大切なのは、相手を分類することではありません。

相手がどのような感受性で世界を受け取り、どこで疲れやすく、どう関わると楽になるのかを考えることです。

体癖は、人を裁くためではなく、関わり方を少し丁寧にするための道具です。

自分とは違う感受性の世界を想像できるようになること。

それが、このブログで体癖を扱う一番の目的です。

まとめ|体癖は、身体・感受性・雰囲気を総合して読むもの

体癖は、単なる性格診断ではありません。

本来は、身体・体型・感受性・雰囲気を総合して、その人の反応の方向を見ていく体系です。
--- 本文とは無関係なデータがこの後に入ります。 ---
(* Let $k$ be a number field, $r$ a nonzero integer, $R$ the localization of the ring of integers of $k$ at the powers of $r$, $K$ a field with an $R$-algebra structure, and $B(\mathbf y)=\sum_{\kappa=1}^3B^{(\kappa)}y_\kappa$ a symmetric $3\times3$ matrix of linear forms with coefficients in $R$. Assume that the projective plane curves $\det B(\mathbf y)=0$ and $\det B^\bullet(\mathbf x)=0$ are elliptic curves. Then the $3$-dimensional abelian subalgebras of $\mathfrak g_B(K)$ that are contained in $V=U\oplus W$ are exactly the subspaces $\psi(M)(U)$ for $M\in\mathrm{GL}_2(K)$.
   Context: Let $U=W=T=K^3$ with bases $e_1,e_2,e_3$, $f_1,f_2,f_3$, $g_1,g_2,g_3$; let $\phi:U\times W\to T$, $\phi(u,w)=\sum_\kappa (uB^{(\kappa)}w^{\mathrm T})g_\kappa$ (coordinates as row vectors). $\mathfrak g_B(K)$ is $U\oplus W\oplus T$ with bracket $[(u,w,t),(u',w',t')]=\phi(u,w')-\phi(u',w)\in T$. The bar map $U\to W$, $\sum u_je_j\mapsto\sum u_jf_j$, and its inverse $W\to U$ are both written $x\mapsto\bar x$. For $M=\begin{pmatrix}a&b\\c&d\end{pmatrix}\in\mathrm{GL}_2(K)$, $\psi(M)$ is the automorphism $(u,w,t)\mapsto(au+b\bar w,\,c\bar u+dw,\,(ad-bc)t)$ of $\mathfrak g_B(K)$. The dual matrix is $B^\bullet(\mathbf x)=\big(\sum_{j=1}^3B^{(\kappa)}_{ij}x_j\big)_{i\kappa}$. *)

theory Defs
  imports "HOL-Analysis.Analysis" "HOL-Algebra.Algebraic_Closure_Type"
begin

definition number_field :: "complex set \<Rightarrow> bool" where
  "number_field k \<longleftrightarrow>
     0 \<in> k \<and> 1 \<in> k \<and>
     (\<forall>x\<in>k. \<forall>y\<in>k. x + y \<in> k \<and> x - y \<in> k \<and> x * y \<in> k) \<and>
     (\<forall>x\<in>k. x \<noteq> 0 \<longrightarrow> inverse x \<in> k) \<and>
     (\<exists>S. finite S \<and> S \<subseteq> k \<and>
        (\<forall>x\<in>k. \<exists>q. (\<forall>s\<in>S. q s \<in> \<rat>) \<and> x = (\<Sum>s\<in>S. q s * s)))"

definition ring_of_integers :: "complex set \<Rightarrow> complex set" where
  "ring_of_integers k =
     {x \<in> k. \<exists>p :: int poly. Polynomial.lead_coeff p = 1 \<and> Polynomial.poly (map_poly of_int p) x = 0}"

definition loc_ring :: "complex set \<Rightarrow> int \<Rightarrow> complex set" where
  "loc_ring k r = {x. \<exists>a\<in>ring_of_integers k. \<exists>n::nat. x = a / (of_int r) ^ n}"

text \<open>A ring homomorphism from the subring R to a field (the R-algebra structure).\<close>

definition ring_hom_on :: "complex set \<Rightarrow> (complex \<Rightarrow> 'K::field) \<Rightarrow> bool" where
  "ring_hom_on R f \<longleftrightarrow> f 1 = 1 \<and>
     (\<forall>x\<in>R. \<forall>y\<in>R. f (x + y) = f x + f y \<and> f (x * y) = f x * f y)"

text \<open>A 3x3 matrix of linear forms in three variables, given by its coefficient
matrices: A \<kappa> i j is the (i,j) entry of the coefficient matrix of y_\<kappa>.\<close>

definition lin_matrix :: "(3 \<Rightarrow> 3 \<Rightarrow> 3 \<Rightarrow> 'a::comm_ring_1) \<Rightarrow> 'a^3 \<Rightarrow> 'a^3^3" where
  "lin_matrix A y = (\<chi> i j. \<Sum>\<kappa>\<in>UNIV. A \<kappa> i j * y $ \<kappa>)"

definition det_form :: "(3 \<Rightarrow> 3 \<Rightarrow> 3 \<Rightarrow> 'a::comm_ring_1) \<Rightarrow> 'a^3 \<Rightarrow> 'a" where
  "det_form A y = det (lin_matrix A y)"

text \<open>The formal partial derivative of det A(y) with respect to y_m
(multilinearity of det in the rows: replace one row by its derivative).\<close>

definition det_form_deriv :: "(3 \<Rightarrow> 3 \<Rightarrow> 3 \<Rightarrow> 'a::comm_ring_1) \<Rightarrow> 3 \<Rightarrow> 'a^3 \<Rightarrow> 'a" where
  "det_form_deriv A m y =
     (\<Sum>i\<in>UNIV. det (\<chi> i' j. if i' = i then A m i j else lin_matrix A y $ i' $ j))"

definition singular_point :: "(3 \<Rightarrow> 3 \<Rightarrow> 3 \<Rightarrow> 'a::comm_ring_1) \<Rightarrow> 'a^3 \<Rightarrow> bool" where
  "singular_point A z \<longleftrightarrow> z \<noteq> 0 \<and> det_form A z = 0 \<and> (\<forall>m. det_form_deriv A m z = 0)"

text \<open>The dual matrix: Bdual(x)_(i,kappa) = sum_j B^(kappa)_(i,j) x_j, written again as a
matrix of linear forms in x (coefficient of x_j at entry (i,\<kappa>) is B^(kappa)_(i,j)).\<close>

definition dual_coeffs :: "(3 \<Rightarrow> 3 \<Rightarrow> 3 \<Rightarrow> 'a) \<Rightarrow> 3 \<Rightarrow> 3 \<Rightarrow> 3 \<Rightarrow> 'a" where
  "dual_coeffs B = (\<lambda>j i \<kappa>. B \<kappa> i j)"

text \<open>The plane cubic det A = 0 with coefficients in a number field k \<subseteq> \<complex> is an
elliptic curve over k: it is smooth (over the algebraically closed field \<complex>)
and has a k-rational point.\<close>

definition elliptic_over :: "complex set \<Rightarrow> (3 \<Rightarrow> 3 \<Rightarrow> 3 \<Rightarrow> complex) \<Rightarrow> bool" where
  "elliptic_over k A \<longleftrightarrow>
     (\<forall>z::complex^3. \<not> singular_point A z) \<and>
     (\<exists>y::complex^3. y \<noteq> 0 \<and> (\<forall>\<kappa>. y $ \<kappa> \<in> k) \<and> det_form A y = 0)"

definition geom_smooth :: "(3 \<Rightarrow> 3 \<Rightarrow> 3 \<Rightarrow> 'F::field) \<Rightarrow> bool" where
  "geom_smooth A \<longleftrightarrow>
     (\<forall>z::'F alg_closure^3. \<not> singular_point (\<lambda>\<kappa> i j. to_ac (A \<kappa> i j)) z)"

text \<open>The Lie algebra g_B(K) = U \<oplus> W \<oplus> T with U = W = T = K^3, elements written
as triples (u,w,t).  The bar maps are the identity on coordinates.\<close>

type_synonym 'K gelem = "('K^3) \<times> ('K^3) \<times> ('K^3)"

definition gscale :: "'K::field \<Rightarrow> 'K gelem \<Rightarrow> 'K gelem" where
  "gscale c x = (case x of (u, w, t) \<Rightarrow> (c *s u, c *s w, c *s t))"

definition phiB :: "(3 \<Rightarrow> 3 \<Rightarrow> 3 \<Rightarrow> 'K::field) \<Rightarrow> 'K^3 \<Rightarrow> 'K^3 \<Rightarrow> 'K^3" where
  "phiB BK u w = (\<chi> \<kappa>. \<Sum>i\<in>UNIV. \<Sum>j\<in>UNIV. u $ i * BK \<kappa> i j * w $ j)"

definition gbracket :: "(3 \<Rightarrow> 3 \<Rightarrow> 3 \<Rightarrow> 'K::field) \<Rightarrow> 'K gelem \<Rightarrow> 'K gelem \<Rightarrow> 'K gelem" where
  "gbracket BK x y = (case x of (u, w, t) \<Rightarrow> case y of (u', w', t') \<Rightarrow>
      (0, 0, phiB BK u w' - phiB BK u' w))"

definition Vsub :: "'K::field gelem set" where
  "Vsub = {(u, w, 0) | u w. True}"

definition Usub :: "'K::field gelem set" where
  "Usub = {(u, 0, 0) | u. True}"

definition abelian_subalgebra :: "(3 \<Rightarrow> 3 \<Rightarrow> 3 \<Rightarrow> 'K::field) \<Rightarrow> 'K gelem set \<Rightarrow> bool" where
  "abelian_subalgebra BK S \<longleftrightarrow>
     module.subspace gscale S \<and> (\<forall>x\<in>S. \<forall>y\<in>S. gbracket BK x y = (0, 0, 0))"

definition gdim :: "'K::field gelem set \<Rightarrow> nat" where
  "gdim S = vector_space.dim gscale S"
だからこそ、チェックリストだけで判断することも、公開情報だけで断定することもできません。

体癖を見るには、身体全体を見る必要があります。

感受性の方向を見る必要があります。

その人が発している雰囲気を見る必要があります。

そして何より、決めつけずに観察し続ける姿勢が必要です。

それでも、体癖を補助線として使うと、人の違いが少し見えやすくなります。

なぜ、同じ言葉を聞いても反応が違うのか。

なぜ、ある人は正確さを求め、ある人は感情を受け取り、ある人は人を包み込もうとするのか。

なぜ、ある人は行動で動き、ある人は納得するまで動けないのか。

そうした感受性の違いを考えることで、自分や他人への見方が少し柔らかくなります。

このブログでは、体癖を人を決めつけるためではなく、自分とは違う感受性の世界を想像するための人間観察の技術として扱っていきます。